§ **Saved entries**:
··········
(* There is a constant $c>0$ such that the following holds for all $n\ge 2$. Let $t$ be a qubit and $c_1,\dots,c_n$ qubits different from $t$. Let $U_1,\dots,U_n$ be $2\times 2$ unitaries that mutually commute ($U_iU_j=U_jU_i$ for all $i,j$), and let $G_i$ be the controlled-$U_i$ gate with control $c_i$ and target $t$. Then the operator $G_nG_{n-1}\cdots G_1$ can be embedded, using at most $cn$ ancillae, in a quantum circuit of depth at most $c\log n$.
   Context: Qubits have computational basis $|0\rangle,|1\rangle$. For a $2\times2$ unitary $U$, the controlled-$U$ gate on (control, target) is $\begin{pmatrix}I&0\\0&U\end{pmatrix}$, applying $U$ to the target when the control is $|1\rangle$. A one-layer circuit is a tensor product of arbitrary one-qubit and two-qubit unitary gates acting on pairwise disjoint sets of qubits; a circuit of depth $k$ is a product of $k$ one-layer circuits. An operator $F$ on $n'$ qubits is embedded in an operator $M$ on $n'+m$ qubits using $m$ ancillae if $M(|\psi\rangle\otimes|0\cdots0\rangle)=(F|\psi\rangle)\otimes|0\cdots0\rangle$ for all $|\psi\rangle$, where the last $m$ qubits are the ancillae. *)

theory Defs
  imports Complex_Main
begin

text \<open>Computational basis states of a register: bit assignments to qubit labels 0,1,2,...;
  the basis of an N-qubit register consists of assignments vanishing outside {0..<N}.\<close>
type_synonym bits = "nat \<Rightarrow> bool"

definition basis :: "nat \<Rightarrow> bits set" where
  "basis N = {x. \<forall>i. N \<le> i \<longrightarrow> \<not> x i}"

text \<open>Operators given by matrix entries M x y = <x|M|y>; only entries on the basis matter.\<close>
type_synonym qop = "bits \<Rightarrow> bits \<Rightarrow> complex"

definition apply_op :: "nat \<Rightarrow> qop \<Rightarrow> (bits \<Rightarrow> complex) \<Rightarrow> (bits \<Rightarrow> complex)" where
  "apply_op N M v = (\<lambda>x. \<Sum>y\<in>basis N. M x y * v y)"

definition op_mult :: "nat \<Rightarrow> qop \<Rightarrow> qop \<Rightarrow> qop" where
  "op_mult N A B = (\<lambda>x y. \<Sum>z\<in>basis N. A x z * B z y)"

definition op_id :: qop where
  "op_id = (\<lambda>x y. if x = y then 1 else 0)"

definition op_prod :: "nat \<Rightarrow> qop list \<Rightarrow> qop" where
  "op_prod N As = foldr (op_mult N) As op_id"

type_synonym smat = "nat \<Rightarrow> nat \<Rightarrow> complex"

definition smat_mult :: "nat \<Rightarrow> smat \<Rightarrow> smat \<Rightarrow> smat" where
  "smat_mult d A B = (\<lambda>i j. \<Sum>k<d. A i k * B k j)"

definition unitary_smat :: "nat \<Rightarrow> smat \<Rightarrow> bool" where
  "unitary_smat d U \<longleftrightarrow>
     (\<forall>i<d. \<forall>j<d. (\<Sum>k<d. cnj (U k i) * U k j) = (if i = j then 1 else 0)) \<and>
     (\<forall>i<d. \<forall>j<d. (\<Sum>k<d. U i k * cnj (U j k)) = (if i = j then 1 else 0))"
··········
§ **Problem**:
Go through the data and show each line that holds "lambda".

§ **Result of the task**:
  "apply_op N M v = (\<lambda>x. \<Sum>y\<in>basis N. M x y * v y)"
  "op_mult N A B = (\<lambda>x y. \<Sum>z\<in>basis N. A x z * B z y)"
  "op_id = (\<lambda>x y. if x = y then 1 else 0)"
  "smat_mult d A B = (\<lambda>i j. \<Sum>k<d. A i k * B k j)"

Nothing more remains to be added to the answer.